The Black-Scholes option valuation model was developed for use in estimating the
fair value of traded options which have no vesting restrictions and are fully
transferable. In addition, option valuation models require the input of highly
subjective input assumptions including the expected stock price volatility.
Because the Company's employee stock options have characteristics significantly
different from those of traded options, and because changes in the subjective
input assumptions can materially affect the fair value estimate, in management's
opinion, the existing models do not necessarily provide a reliable single
measure of the fair value of its employee stock options.
For purposes of pro forma disclosures, the estimated fair value of the options
is amortized to expense over the vesting period of the respective option. The
Company's pro forma net loss and pro forma net loss per share, respectively,
would be $6,028,000 and $2.29 and $1,452,000 and $.55 for the years ended 1996
and 1995, respectively.

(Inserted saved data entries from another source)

lemma transpose_first_cols_mult_vec_nth:
  assumes "U \<in> carrier_mat m m'" and "j < k" and "k \<le> m'" and "y \<in> carrier_vec m"
  shows "(transpose_mat (first_cols U k) *\<^sub>v y) $ j = (transpose_mat U *\<^sub>v y) $ j"
  using assms col_first_cols[OF assms(1-3)] by (simp add: first_cols_def)

lemma transpose_last_cols_mult_vec_nth:
  assumes "U \<in> carrier_mat m m'" and "j < m' - k" and "y \<in> carrier_vec m"
  shows "(transpose_mat (last_cols U k) *\<^sub>v y) $ j = (transpose_mat U *\<^sub>v y) $ (j + k)"
  using assms col_last_cols[OF assms(1,2)] by (simp add: last_cols_def)

lemma tail_sq_le:
  fixes U :: "real mat" and e :: "nat \<Rightarrow> real"
  assumes U: "U \<in> carrier_mat m m" and y: "y \<in> carrier_vec m" and kN: "k \<le> N" and Nm: "N \<le> m"
    and e_tail: "\<forall>j. k \<le> j \<longrightarrow> j < N \<longrightarrow> \<bar>e j\<bar> \<le> b"
  shows "vec N (\<lambda>j. if j < k then 0 else e j * (transpose_mat U *\<^sub>v y) $ j)
           \<bullet> vec N (\<lambda>j. if j < k then 0 else e j * (transpose_mat U *\<^sub>v y) $ j)
         \<le> b\<^sup>2 * ((transpose_mat (last_cols U k) *\<^sub>v y) \<bullet> (transpose_mat (last_cols U k) *\<^sub>v y))"
proof -
  define u where "u = transpose_mat U *\<^sub>v y"
  define z where "z = transpose_mat (last_cols U k) *\<^sub>v y"
  have z: "z \<in> carrier_vec (m - k)" using last_cols_carrier[OF U, of k] y by (simp add: z_def)
  have "vec N (\<lambda>j. if j < k then 0 else e j * u $ j) \<bullet> vec N (\<lambda>j. if j < k then 0 else e j * u $ j)
      = (\<Sum>j=0..<N. (if j < k then 0 else e j * u $ j)\<^sup>2)"
    by (simp add: scalar_prod_def power2_eq_square)
  also have "\<dots> = (\<Sum>j=k..<N. (e j * u $ j)\<^sup>2)"
    by (rule sum.mono_neutral_cong_right) auto
  also have "\<dots> \<le> (\<Sum>j=k..<N. b\<^sup>2 * (u $ j)\<^sup>2)"
  proof (rule sum_mono)
    fix j assume "j \<in> {k..<N}"
    then have "(e j)\<^sup>2 \<le> b\<^sup>2" using e_tail by (metis abs_ge_zero atLeastLessThan_iff order_trans power2_abs power_mono)
    then show "(e j * u $ j)\<^sup>2 \<le> b\<^sup>2 * (u $ j)\<^sup>2"
      by (simp add: power_mult_distrib mult_right_mono)
  qed
  also have "\<dots> \<le> b\<^sup>2 * (\<Sum>j=k..<m. (u $ j)\<^sup>2)"
    using Nm by (simp add: sum_distrib_left[symmetric] mult_left_mono sum_mono2)
  also have "(\<Sum>j=k..<m. (u $ j)\<^sup>2) = (\<Sum>j=0..<m-k. (u $ (j + k))\<^sup>2)"
    using sum.shift_bounds_nat_ivl[of "\<lambda>j. (u $ j)\<^sup>2" 0 k "m-k"] kN Nm by simp
  also have "\<dots> = z \<bullet> z"
  proof -
    have "z $ j = u $ (j + k)" if "j < m - k" for j
      using transpose_last_cols_mult_vec_nth[OF U that y] by (simp add: z_def u_def)
    then show ?thesis using z by (simp add: scalar_prod_def power2_eq_square)
  qed
  finally show ?thesis unfolding u_def z_def .
qed

lemma inverse_scaled_sq_le:
  fixes \<sigma> :: "nat \<Rightarrow> real"
  assumes x: "x \<in> carrier_vec k" and xz: "\<forall>j. i < j \<longrightarrow> j < k \<longrightarrow> x $ j = 0"
    and sig_i: "\<sigma> i > 0" and sig_mono: "\<forall>j\<le>i. \<sigma> i \<le> \<sigma> j"
  shows "vec k (\<lambda>j. x $ j / \<sigma> j ^ p) \<bullet> vec k (\<lambda>j. x $ j / \<sigma> j ^ p) \<le> (x \<bullet> x) / (\<sigma> i ^ p)\<^sup>2"
proof -
  have "vec k (\<lambda>j. x $ j / \<sigma> j ^ p) \<bullet> vec k (\<lambda>j. x $ j / \<sigma> j ^ p) = (\<Sum>j=0..<k. (x $ j / \<sigma> j ^ p)\<^sup>2)"
    by (simp add: scalar_prod_def power2_eq_square)
  also have "\<dots> \<le> (\<Sum>j=0..<k. (x $ j)\<^sup>2 / (\<sigma> i ^ p)\<^sup>2)"
  proof (rule sum_mono)
    fix j assume j: "j \<in> {0..<k}"
    show "(x $ j / \<sigma> j ^ p)\<^sup>2 \<le> (x $ j)\<^sup>2 / (\<sigma> i ^ p)\<^sup>2"
    proof (cases "j \<le> i")
      case True
      have sp: "0 < \<sigma> i ^ p" using sig_i by simp
      have le: "\<sigma> i ^ p \<le> \<sigma> j ^ p" using sig_mono True sig_i by (intro power_mono) auto
      then have sq: "0 < \<sigma> j ^ p" using sp by linarith
      have "(\<sigma> i ^ p)\<^sup>2 \<le> (\<sigma> j ^ p)\<^sup>2" using power_mono[OF le, of 2] sp by simp
      moreover have "0 < (\<sigma> j ^ p)\<^sup>2 * (\<sigma> i ^ p)\<^sup>2"
        using mult_pos_pos[OF mult_pos_pos[OF sq sq] mult_pos_pos[OF sp sp]]
        by (simp only: power2_eq_square)
      ultimately have "(x $ j)\<^sup>2 / (\<sigma> j ^ p)\<^sup>2 \<le> (x $ j)\<^sup>2 / (\<sigma> i ^ p)\<^sup>2"
        by (intro divide_left_mono) auto
      then show ?thesis by (simp add: power_divide)
    qed (use xz j in simp)
  qed
  also have "\<dots> = (x \<bullet> x) / (\<sigma> i ^ p)\<^sup>2"
    using x by (simp add: scalar_prod_def power2_eq_square sum_divide_distrib)
  finally show ?thesis .
qed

Because FASB 123 is applicable only to options granted
subsequent to December 31, 1994, its pro forma impact will not be fully
reflected until 1999.
The weighted-average exercise price of options outstanding at December 31, 1996
and 1995, is $8.50. The weighted-average remaining contractual life of options
outstanding at December 31, 1996, was 4.5 years. The weighted-average fair value
of options granted in 1995 was $7.70.
8. Related Party Transactions
Rhine Jewelry Limited (Rhine), located in Hong Kong and the Company's principal
supplier, is also a subsidiary of RIHC (Note 1). For the years ended December
31, 1996, 1995, and 1994, the Company's purchases from Rhine were approximately
$4.6 million, $7.5 million, and $8.3 million, respectively.
F-16
<PAGE>
IWI Holding Limited
Notes to Consolidated Financial Statements (continued)
9. Notes Payable
In conjunction with the Daco acquisition, Daco issued promissory notes to the
former shareholders (some of whom are officers). The amounts payable to officers
are due in eight quarterly installments of approximately $68,000 plus interest
at the Canadian bank's prime rate (5% at December 31, 1996) commencing November
30, 1996. The remainder of the notes were due February 28, 1997, and bore
interest at 12%.
Subsequent to December 31, 1996, the terms of these notes were renegotiated. One
half of the principal was paid when due, and the balance ($209,000) is payable
June 30, 1997, and bears interest at 15% per annum.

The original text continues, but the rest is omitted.